→ **Task to complete**: Every line below from the one containing "(let D = (tau * L + Gam) * (norm d)^2;" through the one containing "text \<open>History sigma-algebra" must be transcribed exactly. Omit all lines outside that stretch.

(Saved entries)
● ● ● ● ●

(* Let $\mathfrak p=(p_i)_{i\in\mathbb N}$ be a probability distribution supported by $\mathbb N$ and let $D\subseteq\mathbb N$ be nonempty (finite or infinite). If $d\ge 0$ satisfies $\sum_{i\in D}p_i^{d}=1$, then $\dim_H \pi_{\mathfrak p}(D^{\mathbb N})=d$.
   Context: $\mathbb N=\{1,2,3,\dots\}$. A probability distribution $\mathfrak p=(p_i)_{i\in\mathbb N}$ is supported by $\mathbb N$ if $p_i\in(0,1)$ for all $i$ and $\sum_{i=1}^\infty p_i=1$. Set $\widehat{p_1}=0$ and $\widehat{p_n}=\sum_{i=1}^{n-1}p_i$ for $n\ge 2$. For $n\in\mathbb N$ let $T_n:[0,1)\to[0,1)$, $T_n x=p_n x+\widehat{p_n}$. Define $\pi_{\mathfrak p}:\mathbb N^{\mathbb N}\to[0,1)$ by $\pi_{\mathfrak p}((n_j))=\lim_{j\to\infty}T_{n_1}\circ\cdots\circ T_{n_j}(0)=\widehat{p_{n_1}}+\sum_{j=1}^\infty p_{n_1}\cdots p_{n_j}\widehat{p_{n_{j+1}}}$; this is a bijection onto $[0,1)$, and for $x\in[0,1)$ the entries of $\pi_{\mathfrak p}^{-1}(x)$ are called the digits of $x$ with respect to $\mathfrak p$. $\dim_H$ denotes Hausdorff dimension. *)

theory Defs
  imports "HOL-Analysis.Analysis"
begin

definition delta_cover :: "real \<Rightarrow> real set \<Rightarrow> (nat \<Rightarrow> real set) \<Rightarrow> bool" where
  "delta_cover \<delta> E U \<longleftrightarrow> E \<subseteq> (\<Union>i. U i) \<and> (\<forall>i. bounded (U i) \<and> diameter (U i) \<le> \<delta>)"

definition hausdorff_content :: "real \<Rightarrow> real \<Rightarrow> real set \<Rightarrow> ennreal" where
  "hausdorff_content s \<delta> E =
     (INF U\<in>{U. delta_cover \<delta> E U}. (\<Sum>i. ennreal (diameter (U i) powr s)))"

definition hausdorff_measure :: "real \<Rightarrow> real set \<Rightarrow> ennreal" where
  "hausdorff_measure s E = (SUP \<delta>\<in>{0<..}. hausdorff_content s \<delta> E)"

definition hausdorff_dim :: "real set \<Rightarrow> real" where
  "hausdorff_dim E = Inf {s. 0 \<le> s \<and> hausdorff_measure s E = 0}"

definition prob_supported_N :: "(nat \<Rightarrow> real) \<Rightarrow> bool" where
  "prob_supported_N p \<longleftrightarrow> (\<forall>i\<ge>1. 0 < p i \<and> p i < 1) \<and> (p has_sum 1) {1..}"

definition phat :: "(nat \<Rightarrow> real) \<Rightarrow> nat \<Rightarrow> real" where
  "phat p n = (\<Sum>i\<in>{1..<n}. p i)"

definition Tmap :: "(nat \<Rightarrow> real) \<Rightarrow> nat \<Rightarrow> real \<Rightarrow> real" where
  "Tmap p n x = p n * x + phat p n"
(* Consider Algorithm 3 (described in the context) under the Standing Assumption, Matrix Assumption and Gradient Assumption of the context. Let $\mathbb{P}_k$ denote probability conditioned on the algorithm having reached $x_k$ at iteration $k$. If there exists $p\in(0,1]$ such that for all $k\in\mathbb{N}$, $$\mathbb{P}_k\big[\bar g_k^T\bar d_k+\max\{\bar d_k^TH_k\bar d_k,0\}\ge g_k^Td_k+\max\{d_k^TH_kd_k,0\}\big]\ge p,$$ then the event $E_{\tau,big}$ occurs with probability zero, where $E_{\tau,big}$ is the event that there exist an infinite set $\overline{\mathcal K}_\tau\subseteq\mathbb{N}$ and $\bar\tau_{big}>0$ such that $\bar\tau_k=\bar\tau_{big}>\tau_k^{trial}$ and $\bar\xi_k=\bar\xi_{\min}$ for all $k\in\overline{\mathcal K}_\tau$.
   Context: Problem: $\min_x f(x)$ s.t. $c(x)=0$, $f(x)=\mathbb{E}[F(x,\omega)]$, $c:\mathbb{R}^n\to\mathbb{R}^m$ deterministic. Notation: $g_k=\nabla f(x_k)$, $c_k=c(x_k)$, $J_k=\nabla c(x_k)^T$; $\Delta q(x,\tau,g,H,d)=-\tau(g^Td+\frac12\max\{d^THd,0\})+\|c(x)\|_1$. Standing Assumption: there is an open convex set $\mathcal X$ containing all iterates; $f$ is $C^1$ and bounded below on $\mathcal X$ with $\nabla f$ bounded and $L$-Lipschitz on $\mathcal X$; $c$ and $\nabla c^T$ bounded on $\mathcal X$; each $\nabla c_i$ is $\gamma_i$-Lipschitz on $\mathcal X$; singular values of $\nabla c(x)^T$ bounded away from zero uniformly over $\mathcal X$. $\Gamma:=\sum_i\gamma_i$. Matrix Assumption: deterministic symmetric $H_k$, chosen independently of the stochastic gradients, with $\|H_k\|_2\le\kappa_H$ and $u^TH_ku\ge\zeta\|u\|_2^2$ whenever $J_ku=0$. Algorithm 3 (inputs $x_0$, $\bar\tau_{-1}>0$, $\epsilon,\sigma\in(0,1)$, $\bar\xi_{-1}>0$, $\{\beta_k\}\subset(0,1]$, $\theta\ge0$): at iteration $k$, obtain stochastic gradient $\bar g_k$; $(\bar d_k,\bar y_k)$ solves $H_k\bar d_k+J_k^T\bar y_k=-\bar g_k$, $J_k\bar d_k=-c_k$ (assumed $\bar d_k\ne0$). $\bar\tau_k^{trial}=\infty$ if $\bar g_k^T\bar d_k+\max\{\bar d_k^TH_k\bar d_k,0\}\le0$, else $\frac{(1-\sigma)\|c_k\|_1}{\bar g_k^T\bar d_k+\max\{\bar d_k^TH_k\bar d_k,0\}}$; $\bar\tau_k=\bar\tau_{k-1}$ if $\bar\tau_{k-1}\le\bar\tau_k^{trial}$, else $(1-\epsilon)\bar\tau_k^{trial}$. $\bar\xi_k^{trial}=\frac{\Delta q(x_k,\bar\tau_k,\bar g_k,H_k,\bar d_k)}{\bar\tau_k\|\bar d_k\|_2^2}$; $\bar\xi_k=\bar\xi_{k-1}$ if $\bar\xi_{k-1}\le\bar\xi_k^{trial}$, else $(1-\epsilon)\bar\xi_k^{trial}$. With $D_k=(\bar\tau_kL+\Gamma)\|\bar d_k\|_2^2$, $\hat a_k=\beta_k\Delta q(x_k,\bar\tau_k,\bar g_k,H_k,\bar d_k)/D_k$, $\tilde a_k=\hat a_k-4\|c_k\|_1/D_k$, project both onto $[a_k,a_k+\theta\beta_k^2]$, $a_k=\frac{\beta_k\bar\xi_k\bar\tau_k}{\bar\tau_kL+\Gamma}$, giving $\widehat\alpha_k,\widetilde\alpha_k$; $\bar\alpha_k=\widehat\alpha_k$ if $\widehat\alpha_k<1$, $1$ if $\widetilde\alpha_k\le1\le\widehat\alpha_k$, $\widetilde\alpha_k$ if $\widetilde\alpha_k>1$; $x_{k+1}=x_k+\bar\alpha_k\bar d_k$. $\bar\xi_{\min}$ denotes the limit of the nonincreasing positive sequence $\{\bar\xi_k\}$. Gradient Assumption: $\mathbb{E}_k[\bar g_k]=g_k$, $\mathbb{E}_k[\|\bar g_k-g_k\|_2^2]\le M$, with $\mathbb{E}_k$ conditioned on reaching $x_k$ at iteration $k$. Deterministic counterparts: $(d_k,y_k)$ solves the same system with $g_k$ in place of $\bar g_k$; $\tau_k^{trial}=\infty$ if $g_k^Td_k+\max\{d_k^TH_kd_k,0\}\le0$, else $\frac{(1-\sigma)\|c_k\|_1}{g_k^Td_k+\max\{d_k^TH_kd_k,0\}}$. *)

theory Defs
  imports "HOL-Probability.Probability"
begin

definition l1norm :: "real^'m \<Rightarrow> real" where
  "l1norm v = (\<Sum>i\<in>UNIV. \<bar>v $ i\<bar>)"

definition sqp_dir :: "real^'n^'n \<Rightarrow> real^'n^'m \<Rightarrow> real^'n \<Rightarrow> real^'m \<Rightarrow> real^'n" where
  "sqp_dir H J g cv = (THE d. \<exists>y. H *v d + transpose J *v y = - g \<and> J *v d = - cv)"

definition curv_term :: "real^'n \<Rightarrow> real^'n^'n \<Rightarrow> real^'n \<Rightarrow> real" where
  "curv_term g H d = g \<bullet> d + max (d \<bullet> (H *v d)) 0"

text \<open>Delta q(x,tau,g,H,d), with cn = ||c(x)||_1\<close>
definition delta_q :: "real \<Rightarrow> real^'n \<Rightarrow> real^'n^'n \<Rightarrow> real^'n \<Rightarrow> real \<Rightarrow> real" where
  "delta_q tau g H d cn = - tau * (g \<bullet> d + 1/2 * max (d \<bullet> (H *v d)) 0) + cn"

text \<open>Trial merit parameter (infinity encoded in ereal), cn = ||c_k||_1\<close>
definition tau_trial :: "real \<Rightarrow> real \<Rightarrow> real^'n \<Rightarrow> real^'n^'n \<Rightarrow> real^'n \<Rightarrow> ereal" where
  "tau_trial sgm cn g H d =
     (if curv_term g H d \<le> 0 then \<infinity> else ereal ((1 - sgm) * cn / curv_term g H d))"

definition param_update :: "real \<Rightarrow> real \<Rightarrow> ereal \<Rightarrow> real" where
  "param_update eps prev trial = (if ereal prev \<le> trial then prev else (1 - eps) * real_of_ereal trial)"

definition xi_trial :: "real \<Rightarrow> real^'n \<Rightarrow> real^'n^'n \<Rightarrow> real^'n \<Rightarrow> real \<Rightarrow> real" where
  "xi_trial tau g H d cn = delta_q tau g H d cn / (tau * (norm d)^2)"

definition proj_interval :: "real \<Rightarrow> real \<Rightarrow> real \<Rightarrow> real" where
  "proj_interval lo hi v = min hi (max lo v)"

definition step_size :: "real \<Rightarrow> real \<Rightarrow> real \<Rightarrow> real \<Rightarrow> real \<Rightarrow> real \<Rightarrow> real^'n \<Rightarrow> real^'n^'n \<Rightarrow> real^'n \<Rightarrow> real \<Rightarrow> real" where
  "step_size L Gam theta beta tau xi g H d cn =
     (let D = (tau * L + Gam) * (norm d)^2;
          ahat = beta * delta_q tau g H d cn / D;
          atil = ahat - 4 * cn / D;
          a = beta * xi * tau / (tau * L + Gam);
          hi = a + theta * beta^2;
          alh = proj_interval a hi ahat;
          alt = proj_interval a hi atil
      in if alh < 1 then alh else if alt \<le> 1 then 1 else alt)"

text \<open>History sigma-algebra F_k generated by the stochastic gradients gbar_0, ..., gbar_{k-1}
  (conditioning on F_k = conditioning on the algorithm having reached x_k).\<close>
definition hist :: "'a measure \<Rightarrow> (nat \<Rightarrow> 'a \<Rightarrow> real^'n) \<Rightarrow> nat \<Rightarrow> 'a measure" where
  "hist M gbar k = sigma (space M) (\<Union>i<k. {gbar i -` A \<inter> space M | A. A \<in> sets borel})"

end

(*
  On a realisation in E_tau,big the nonincreasing merit parameter taubar is eventually constant, equal
  to tbig.  Call B_k the event that the previous parameter exceeds the deterministic trial value
  tau_k^trial, and A_k the event that the stochastic curvature term dominates the deterministic one.
  Then B_k happens for infinitely many k, but A_k and B_k never happen together from then on: on
  A_k the stochastic trial value is at most tau_k^trial, so on A_k and B_k the update strictly
  decreases taubar.  On the other hand B_k is known at iteration k, while A_k has conditional
  probability at least p given the history; a conditional Borel-Cantelli argument, with the
  nonnegative supermartingale that is multiplied by 1/(1-q) (q = min p (1/2)) whenever B_k but not
  A_k occurs, shows that almost surely A_k and B_k happen together infinitely often whenever B_k
  does.
*)
theory Submission
  imports Defs
begin

section \<open>Measurability of the SQP direction\<close>

lemma measurable_congI:
  "g \<in> measurable N K \<Longrightarrow> (\<And>\<omega>. \<omega> \<in> space N \<Longrightarrow> f \<omega> = g \<omega>) \<Longrightarrow> f \<in> measurable N K"
  using measurable_cong[of N f g] by simp

lemma borel_measurable_continuous_on_open_comp:
  fixes phi :: "'b::real_normed_vector \<Rightarrow> 'c::real_normed_vector"
  assumes "open X" "continuous_on X phi" "f \<in> borel_measurable M" "\<And>x. x \<in> space M \<Longrightarrow> f x \<in> X"
  shows "(\<lambda>x. phi (f x)) \<in> borel_measurable M"
proof -
  have "(\<lambda>z. indicator X z *\<^sub>R phi z) \<in> borel_measurable borel"
    using assms(1,2) by (intro borel_measurable_continuous_on_indicator) auto
  then have "(\<lambda>x. indicator X (f x) *\<^sub>R phi (f x)) \<in> borel_measurable M"
    using assms(3) by (rule measurable_compose[rotated])
  then show ?thesis by (rule measurable_congI) (simp add: assms(4))
qed

lemma borel_measurable_vec:
  fixes f :: "'a \<Rightarrow> 'b::euclidean_space ^ 'n"
  assumes "\<And>i. (\<lambda>x. f x $ i) \<in> borel_measurable M"
  shows "f \<in> borel_measurable M"
proof (subst borel_measurable_euclidean_space, intro ballI)
  fix b :: "'b^'n" assume "b \<in> Basis"
  then obtain i u where u: "u \<in> Basis" "b = axis i u" unfolding Basis_vec_def by auto
  then have "(\<lambda>x. f x \<bullet> b) = (\<lambda>x. (f x $ i) \<bullet> u)" by (simp add: inner_axis)
  then show "(\<lambda>x. f x \<bullet> b) \<in> borel_measurable M" using assms[of i] by simp
qed

lemma borel_measurable_vec_nth[measurable (raw)]:
  fixes f :: "'a \<Rightarrow> 'b::euclidean_space ^ 'n"
  assumes "f \<in> borel_measurable M"
  shows "(\<lambda>x. f x $ i) \<in> borel_measurable M"
  by (rule borel_measurable_continuous_on[OF _ assms]) (intro continuous_intros)

lemma borel_measurable_matrix_vector_mult[measurable (raw)]:
  fixes A :: "'a \<Rightarrow> real^'n^'m" and v :: "'a \<Rightarrow> real^'n"
  assumes "A \<in> borel_measurable M" "v \<in> borel_measurable M"
  shows "(\<lambda>x. A x *v v x) \<in> borel_measurable M"
  by (rule borel_measurable_vec) (use assms in \<open>simp add: matrix_vector_mult_def\<close>)

lemma borel_measurable_det[measurable (raw)]:
  fixes A :: "'a \<Rightarrow> real^'n^'n"
  assumes "A \<in> borel_measurable M"
  shows "(\<lambda>x. det (A x)) \<in> borel_measurable M"
  unfolding det_def using assms by measurable

definition cramer_solution :: "real^'k^'k \<Rightarrow> real^'k \<Rightarrow> real^'k" where
  "cramer_solution A b = (\<chi> k. det (\<chi> i j. if j = k then b $ i else A $ i $ j) / det A)"

lemma cramer_solution_iff:
  "det A \<noteq> 0 \<Longrightarrow> A *v z = b \<longleftrightarrow> z = cramer_solution A b"
  unfolding cramer_solution_def by (rule cramer)

lemma borel_measurable_cramer_solution[measurable (raw)]:
  fixes A :: "'a \<Rightarrow> real^'k^'k"
  assumes [measurable]: "A \<in> borel_measurable M" "b \<in> borel_measurable M"
  shows "(\<lambda>x. cramer_solution (A x) (b x)) \<in> borel_measurable M"
proof (rule borel_measurable_vec)
  fix k
  have "(\<lambda>x. \<chi> i j. if j = k then b x $ i else A x $ i $ j) \<in> borel_measurable M"
    by (intro borel_measurable_vec) simp
  then show "(\<lambda>x. cramer_solution (A x) (b x) $ k) \<in> borel_measurable M"
    unfolding cramer_solution_def vec_lambda_beta by measurable
qed

text \<open>The saddle-point system defining \<open>sqp_dir\<close>, written as one square system on
  \<open>real^('n + 'm)\<close> with unknown \<open>join_vec d y\<close>, so that Cramer's rule applies.\<close>

definition kkt_matrix :: "real^'n^'n \<Rightarrow> real^'n^'m \<Rightarrow> real^('n::finite + 'm::finite)^('n + 'm)" where
  "kkt_matrix H J = (\<chi> a b. case (a, b) of
      (Inl i, Inl j) \<Rightarrow> H $ i $ j | (Inl i, Inr j) \<Rightarrow> J $ j $ i
    | (Inr i, Inl j) \<Rightarrow> J $ i $ j | (Inr i, Inr j) \<Rightarrow> 0)"

definition kkt_rhs :: "real^'n \<Rightarrow> real^'m \<Rightarrow> real^('n::finite + 'm::finite)" where
  "kkt_rhs g cv = (\<chi> a. case a of Inl i \<Rightarrow> - g $ i | Inr i \<Rightarrow> - cv $ i)"

definition join_vec :: "real^'n \<Rightarrow> real^'m \<Rightarrow> real^('n::finite + 'm::finite)" where
  "join_vec d y = (\<chi> a. case a of Inl i \<Rightarrow> d $ i | Inr i \<Rightarrow> y $ i)"

definition left_part :: "real^('n::finite + 'm::finite) \<Rightarrow> real^'n" where
  "left_part z = (\<chi> i. z $ Inl i)"

definition right_part :: "real^('n::finite + 'm::finite) \<Rightarrow> real^'m" where
  "right_part z = (\<chi> i. z $ Inr i)"

lemma left_part_join_vec[simp]: "left_part (join_vec d y) = d"
  and right_part_join_vec[simp]: "right_part (join_vec d y) = y"
  by (simp_all add: left_part_def right_part_def join_vec_def vec_eq_iff)

lemma join_vec_parts: "join_vec (left_part z) (right_part z) = z"
  by (simp add: vec_eq_iff join_vec_def left_part_def right_part_def split: sum.split)

lemma sum_UNIV_Plus:
  "sum f (UNIV :: ('a::finite + 'b::finite) set) = sum (f \<circ> Inl) UNIV + sum (f \<circ> Inr) UNIV"
  using sum.Plus[of "UNIV :: 'a set" "UNIV :: 'b set" f] by simp

lemma kkt_matrix_mult_Inl:
  "(kkt_matrix H J *v z) $ Inl i = (H *v left_part z + transpose J *v right_part z) $ i"
  by (simp add: kkt_matrix_def matrix_vector_mult_def sum_UNIV_Plus left_part_def right_part_def
      transpose_def)

lemma kkt_matrix_mult_Inr: "(kkt_matrix H J *v z) $ Inr j = (J *v left_part z) $ j"
  by (simp add: kkt_matrix_def matrix_vector_mult_def sum_UNIV_Plus left_part_def)
(* Run Algorithm 1 on an instance of Problem (P); suppose it performs $k$ iterations and the indices chosen as $i^*$ are $i_1,i_2,\dots,i_k$ in order, and let $x_1,\dots,x_n$ be the values of the variables after the last iteration. Then there exists an optimal solution $(x_1^*,\dots,x_n^* )$ of Problem (P) such that $x_{i_j}^*=x_{i_j}$ for all $j=1,\dots,k$.
   Context: Problem (P): given an integer $n\ge1$, reals $0<q_1\le\cdots\le q_n$, $z_1,\dots,z_n>0$ and $K>0$, maximize $\sum_{i=1}^n x_i$ subject to $0\le x_i\le q_i$ for all $i$, $0\le x_1\le x_2\le\cdots\le x_n$, and $\sum_{i=1}^n z_ix_i\le K$. For $1\le i<j\le n+1$ let $\mathrm{sum}(i,j)=z_i+\cdots+z_{j-1}$ and $\mathrm{avg}(i,j)=\mathrm{sum}(i,j)/(j-i)$. Algorithm 1: Initialize $S=\{0,n+1\}$, $y_i=\mathrm{avg}(i,n+1)$ and $x_i=0$ for $i=1,\dots,n$, and $\hat B=K$. While $\hat B>0$ and $S\ne\{0,1,\dots,n+1\}$, perform an iteration: let $i^*$ be the index $i\in\{1,\dots,n\}\setminus S$ minimizing $y_i$, ties broken in favour of the smallest index; let $i_L=\max\{j\in S:j<i^*\}$ and $i_R=\min\{j\in S:j>i^*\}$; set $d=\min\{\hat B/((i_R-i^* )y_{i^*}),\ q_{i^*}-x_{i^*}\}$; set $\hat B\leftarrow\hat B-d(i_R-i^* )y_{i^*}$; set $x_i\leftarrow x_i+d$ for all $i^*\le i<i_R$; set $y_i\leftarrow\mathrm{avg}(i,i^* )$ for all $i_L<i<i^*$; add $i^*$ to $S$. When the loop ends, output $x_1,\dots,x_n$. *)

theory Defs
  imports Complex_Main
begin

● ● ● ● ●

→ **Reply to the task**:
     (let D = (tau * L + Gam) * (norm d)^2;
          ahat = beta * delta_q tau g H d cn / D;
          atil = ahat - 4 * cn / D;
          a = beta * xi * tau / (tau * L + Gam);
          hi = a + theta * beta^2;
          alh = proj_interval a hi ahat;
          alt = proj_interval a hi atil
      in if alh < 1 then alh else if alt \<le> 1 then 1 else alt)"

text \<open>History sigma-algebra F_k generated by the stochastic gradients gbar_0, ..., gbar_{k-1}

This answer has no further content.